» Required work
Copy each line of the records that contains the word "longleftrightarrow".

» Supplied records
——
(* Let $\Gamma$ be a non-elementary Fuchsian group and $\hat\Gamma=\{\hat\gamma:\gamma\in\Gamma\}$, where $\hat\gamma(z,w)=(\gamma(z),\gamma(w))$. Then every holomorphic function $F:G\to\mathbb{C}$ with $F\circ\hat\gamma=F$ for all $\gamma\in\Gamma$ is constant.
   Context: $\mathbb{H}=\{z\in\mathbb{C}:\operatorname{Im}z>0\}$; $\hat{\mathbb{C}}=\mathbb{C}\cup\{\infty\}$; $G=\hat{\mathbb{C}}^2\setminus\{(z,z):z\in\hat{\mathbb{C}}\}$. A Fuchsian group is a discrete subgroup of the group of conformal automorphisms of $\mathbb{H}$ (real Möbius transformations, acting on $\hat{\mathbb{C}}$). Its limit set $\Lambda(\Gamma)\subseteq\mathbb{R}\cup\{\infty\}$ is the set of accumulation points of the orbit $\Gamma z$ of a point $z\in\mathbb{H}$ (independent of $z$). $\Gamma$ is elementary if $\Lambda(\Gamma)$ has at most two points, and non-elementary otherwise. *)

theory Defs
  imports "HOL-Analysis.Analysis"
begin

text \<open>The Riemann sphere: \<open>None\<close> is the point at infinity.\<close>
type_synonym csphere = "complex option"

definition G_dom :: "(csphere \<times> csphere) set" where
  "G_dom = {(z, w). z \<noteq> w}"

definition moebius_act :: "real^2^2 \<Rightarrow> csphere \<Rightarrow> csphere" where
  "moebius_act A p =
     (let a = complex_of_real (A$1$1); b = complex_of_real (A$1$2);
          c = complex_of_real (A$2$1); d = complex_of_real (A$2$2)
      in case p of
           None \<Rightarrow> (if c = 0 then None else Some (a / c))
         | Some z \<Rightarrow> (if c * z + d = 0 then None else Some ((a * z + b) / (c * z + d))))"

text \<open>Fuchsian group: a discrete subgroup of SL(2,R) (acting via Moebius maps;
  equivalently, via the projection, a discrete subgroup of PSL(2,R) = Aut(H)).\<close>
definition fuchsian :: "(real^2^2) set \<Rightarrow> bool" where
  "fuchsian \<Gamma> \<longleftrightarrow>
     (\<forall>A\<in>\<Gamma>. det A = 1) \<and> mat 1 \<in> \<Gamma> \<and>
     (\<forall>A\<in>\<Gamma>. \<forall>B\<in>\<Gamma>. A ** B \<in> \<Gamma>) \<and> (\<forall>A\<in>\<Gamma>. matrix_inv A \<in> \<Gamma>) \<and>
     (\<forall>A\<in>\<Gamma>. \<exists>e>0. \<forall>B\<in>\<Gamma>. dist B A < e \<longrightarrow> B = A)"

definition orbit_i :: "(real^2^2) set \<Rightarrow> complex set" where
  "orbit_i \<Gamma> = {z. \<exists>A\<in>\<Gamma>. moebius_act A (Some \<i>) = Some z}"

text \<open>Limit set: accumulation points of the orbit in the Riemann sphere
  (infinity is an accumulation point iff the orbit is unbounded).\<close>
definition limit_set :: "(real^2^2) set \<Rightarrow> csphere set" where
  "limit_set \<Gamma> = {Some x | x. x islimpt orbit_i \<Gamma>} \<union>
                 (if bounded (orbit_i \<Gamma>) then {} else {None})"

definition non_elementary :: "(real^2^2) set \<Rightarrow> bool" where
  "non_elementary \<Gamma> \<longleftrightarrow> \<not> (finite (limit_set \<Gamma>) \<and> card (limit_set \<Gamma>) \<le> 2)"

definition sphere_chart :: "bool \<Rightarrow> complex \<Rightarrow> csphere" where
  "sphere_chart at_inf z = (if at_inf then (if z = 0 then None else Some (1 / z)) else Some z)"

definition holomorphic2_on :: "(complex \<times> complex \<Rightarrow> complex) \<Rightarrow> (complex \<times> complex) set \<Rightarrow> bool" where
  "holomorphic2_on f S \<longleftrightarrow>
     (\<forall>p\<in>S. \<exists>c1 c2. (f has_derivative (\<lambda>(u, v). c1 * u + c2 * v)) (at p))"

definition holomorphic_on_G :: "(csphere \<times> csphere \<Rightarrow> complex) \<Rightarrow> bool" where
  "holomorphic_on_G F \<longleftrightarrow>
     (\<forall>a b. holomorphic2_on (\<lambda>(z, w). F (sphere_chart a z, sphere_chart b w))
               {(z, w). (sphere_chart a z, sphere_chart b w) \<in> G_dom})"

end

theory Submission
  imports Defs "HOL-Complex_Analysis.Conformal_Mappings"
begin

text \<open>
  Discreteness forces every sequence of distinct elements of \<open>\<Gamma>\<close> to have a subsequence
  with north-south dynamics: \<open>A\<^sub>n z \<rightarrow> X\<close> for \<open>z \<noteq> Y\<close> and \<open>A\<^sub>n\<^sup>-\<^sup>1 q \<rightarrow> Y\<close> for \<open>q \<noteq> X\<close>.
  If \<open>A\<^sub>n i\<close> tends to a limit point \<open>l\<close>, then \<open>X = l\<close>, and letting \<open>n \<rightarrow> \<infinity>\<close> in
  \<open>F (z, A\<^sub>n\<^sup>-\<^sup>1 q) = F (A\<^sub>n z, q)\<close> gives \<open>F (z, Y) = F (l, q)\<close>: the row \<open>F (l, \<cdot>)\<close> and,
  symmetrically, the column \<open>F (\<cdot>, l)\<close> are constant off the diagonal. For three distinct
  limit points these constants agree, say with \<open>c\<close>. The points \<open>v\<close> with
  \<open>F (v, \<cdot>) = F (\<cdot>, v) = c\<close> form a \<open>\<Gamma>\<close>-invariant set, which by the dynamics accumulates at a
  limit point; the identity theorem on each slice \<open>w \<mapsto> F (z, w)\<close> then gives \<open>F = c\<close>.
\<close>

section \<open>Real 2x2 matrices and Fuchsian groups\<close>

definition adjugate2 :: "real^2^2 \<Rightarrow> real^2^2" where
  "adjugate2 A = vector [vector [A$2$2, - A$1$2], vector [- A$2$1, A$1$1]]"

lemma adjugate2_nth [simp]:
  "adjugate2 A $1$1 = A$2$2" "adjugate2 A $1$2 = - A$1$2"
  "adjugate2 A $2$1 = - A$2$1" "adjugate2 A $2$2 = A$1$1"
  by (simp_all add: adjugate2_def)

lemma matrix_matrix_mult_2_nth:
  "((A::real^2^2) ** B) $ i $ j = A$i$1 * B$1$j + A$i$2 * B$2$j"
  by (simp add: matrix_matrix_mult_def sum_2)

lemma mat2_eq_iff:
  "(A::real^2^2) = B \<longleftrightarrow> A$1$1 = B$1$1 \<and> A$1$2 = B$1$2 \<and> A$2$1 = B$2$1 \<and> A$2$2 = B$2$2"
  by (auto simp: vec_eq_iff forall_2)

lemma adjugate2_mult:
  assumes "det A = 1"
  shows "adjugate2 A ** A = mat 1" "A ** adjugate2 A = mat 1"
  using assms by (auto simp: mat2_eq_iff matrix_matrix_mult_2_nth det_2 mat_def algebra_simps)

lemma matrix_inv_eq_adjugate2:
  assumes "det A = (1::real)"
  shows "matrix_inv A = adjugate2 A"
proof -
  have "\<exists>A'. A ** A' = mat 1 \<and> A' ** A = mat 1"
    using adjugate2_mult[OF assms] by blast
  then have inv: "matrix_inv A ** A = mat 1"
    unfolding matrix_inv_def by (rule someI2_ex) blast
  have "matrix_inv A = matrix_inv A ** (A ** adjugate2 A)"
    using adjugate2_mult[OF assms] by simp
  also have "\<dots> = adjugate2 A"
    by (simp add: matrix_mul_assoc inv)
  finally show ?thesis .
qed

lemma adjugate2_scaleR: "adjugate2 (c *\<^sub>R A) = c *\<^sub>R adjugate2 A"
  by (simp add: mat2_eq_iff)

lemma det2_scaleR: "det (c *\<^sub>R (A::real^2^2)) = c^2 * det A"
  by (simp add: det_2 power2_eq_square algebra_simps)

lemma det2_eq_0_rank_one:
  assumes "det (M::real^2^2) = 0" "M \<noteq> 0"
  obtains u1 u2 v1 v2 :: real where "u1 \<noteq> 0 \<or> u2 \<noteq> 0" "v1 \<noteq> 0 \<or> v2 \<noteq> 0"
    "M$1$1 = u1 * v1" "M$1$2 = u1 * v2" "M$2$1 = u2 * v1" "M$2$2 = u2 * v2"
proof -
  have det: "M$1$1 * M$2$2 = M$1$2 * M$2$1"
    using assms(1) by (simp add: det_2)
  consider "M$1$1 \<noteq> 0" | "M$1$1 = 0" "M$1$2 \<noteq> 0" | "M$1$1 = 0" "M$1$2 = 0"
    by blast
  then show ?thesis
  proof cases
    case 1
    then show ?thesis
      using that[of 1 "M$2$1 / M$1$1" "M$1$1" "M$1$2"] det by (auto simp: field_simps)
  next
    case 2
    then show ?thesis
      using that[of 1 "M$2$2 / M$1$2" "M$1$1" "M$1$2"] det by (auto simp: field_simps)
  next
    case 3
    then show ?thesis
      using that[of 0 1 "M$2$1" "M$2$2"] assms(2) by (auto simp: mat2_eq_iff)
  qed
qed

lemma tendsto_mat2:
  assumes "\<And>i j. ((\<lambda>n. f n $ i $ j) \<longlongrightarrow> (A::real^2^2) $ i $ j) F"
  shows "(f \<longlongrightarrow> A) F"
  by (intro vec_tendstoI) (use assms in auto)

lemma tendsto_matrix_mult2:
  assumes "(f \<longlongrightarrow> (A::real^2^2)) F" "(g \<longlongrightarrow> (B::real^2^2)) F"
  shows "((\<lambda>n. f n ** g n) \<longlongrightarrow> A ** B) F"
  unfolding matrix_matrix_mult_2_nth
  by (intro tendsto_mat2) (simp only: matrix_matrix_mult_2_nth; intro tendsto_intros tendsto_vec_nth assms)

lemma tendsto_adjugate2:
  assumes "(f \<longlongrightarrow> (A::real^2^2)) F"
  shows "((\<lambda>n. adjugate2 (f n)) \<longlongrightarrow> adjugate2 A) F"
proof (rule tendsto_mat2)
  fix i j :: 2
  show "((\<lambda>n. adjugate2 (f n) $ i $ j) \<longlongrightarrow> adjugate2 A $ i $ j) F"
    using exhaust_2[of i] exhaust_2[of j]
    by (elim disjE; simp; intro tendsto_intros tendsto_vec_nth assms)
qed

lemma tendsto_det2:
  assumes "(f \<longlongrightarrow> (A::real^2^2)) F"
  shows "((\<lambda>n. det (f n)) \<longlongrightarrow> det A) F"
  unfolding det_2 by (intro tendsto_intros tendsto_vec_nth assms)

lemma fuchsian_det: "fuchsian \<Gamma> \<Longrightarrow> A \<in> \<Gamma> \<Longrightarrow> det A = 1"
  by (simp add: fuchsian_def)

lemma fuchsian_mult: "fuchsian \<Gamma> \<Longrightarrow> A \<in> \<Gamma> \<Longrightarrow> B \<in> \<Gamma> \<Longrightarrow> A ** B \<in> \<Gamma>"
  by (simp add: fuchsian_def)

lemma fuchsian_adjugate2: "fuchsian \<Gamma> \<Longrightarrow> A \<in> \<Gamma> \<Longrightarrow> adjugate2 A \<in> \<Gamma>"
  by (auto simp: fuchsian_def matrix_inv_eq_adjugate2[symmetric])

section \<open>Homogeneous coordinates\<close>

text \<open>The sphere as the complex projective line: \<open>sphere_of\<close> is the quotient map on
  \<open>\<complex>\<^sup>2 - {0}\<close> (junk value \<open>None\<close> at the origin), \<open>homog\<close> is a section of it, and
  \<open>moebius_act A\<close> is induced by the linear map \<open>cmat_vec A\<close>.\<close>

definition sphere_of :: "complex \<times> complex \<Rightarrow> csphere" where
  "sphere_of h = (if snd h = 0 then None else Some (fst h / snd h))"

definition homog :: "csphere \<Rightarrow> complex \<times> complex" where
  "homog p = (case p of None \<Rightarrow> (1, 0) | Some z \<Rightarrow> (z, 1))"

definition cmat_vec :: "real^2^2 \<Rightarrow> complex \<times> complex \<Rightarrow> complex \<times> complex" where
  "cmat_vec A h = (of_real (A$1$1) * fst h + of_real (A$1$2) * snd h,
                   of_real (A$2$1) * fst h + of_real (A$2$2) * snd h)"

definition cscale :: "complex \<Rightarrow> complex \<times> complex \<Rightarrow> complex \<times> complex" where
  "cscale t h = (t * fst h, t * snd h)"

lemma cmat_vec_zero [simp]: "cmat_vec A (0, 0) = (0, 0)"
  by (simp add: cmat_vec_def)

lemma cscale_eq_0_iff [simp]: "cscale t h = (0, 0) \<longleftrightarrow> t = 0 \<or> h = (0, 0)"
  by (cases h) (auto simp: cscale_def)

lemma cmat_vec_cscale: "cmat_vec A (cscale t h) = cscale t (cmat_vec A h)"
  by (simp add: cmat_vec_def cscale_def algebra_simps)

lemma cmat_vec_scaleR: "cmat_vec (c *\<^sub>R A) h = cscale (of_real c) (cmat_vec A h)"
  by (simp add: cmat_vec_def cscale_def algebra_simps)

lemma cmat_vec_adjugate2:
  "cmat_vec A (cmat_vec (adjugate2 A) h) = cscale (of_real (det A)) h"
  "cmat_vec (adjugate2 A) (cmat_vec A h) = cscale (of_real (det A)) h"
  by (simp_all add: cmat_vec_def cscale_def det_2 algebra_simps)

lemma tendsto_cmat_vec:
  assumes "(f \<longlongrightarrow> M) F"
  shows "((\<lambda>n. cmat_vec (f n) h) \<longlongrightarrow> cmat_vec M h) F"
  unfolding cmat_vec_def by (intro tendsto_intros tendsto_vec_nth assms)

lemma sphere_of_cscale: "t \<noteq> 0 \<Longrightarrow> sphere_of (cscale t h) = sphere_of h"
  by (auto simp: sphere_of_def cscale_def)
——
» Solution
  "fuchsian \<Gamma> \<longleftrightarrow>
  "non_elementary \<Gamma> \<longleftrightarrow> \<not> (finite (limit_set \<Gamma>) \<and> card (limit_set \<Gamma>) \<le> 2)"
  "holomorphic2_on f S \<longleftrightarrow>
  "holomorphic_on_G F \<longleftrightarrow>
  "(A::real^2^2) = B \<longleftrightarrow> A$1$1 = B$1$1 \<and> A$1$2 = B$1$2 \<and> A$2$1 = B$2$1 \<and> A$2$2 = B$2$2"
lemma cscale_eq_0_iff [simp]: "cscale t h = (0, 0) \<longleftrightarrow> t = 0 \<or> h = (0, 0)"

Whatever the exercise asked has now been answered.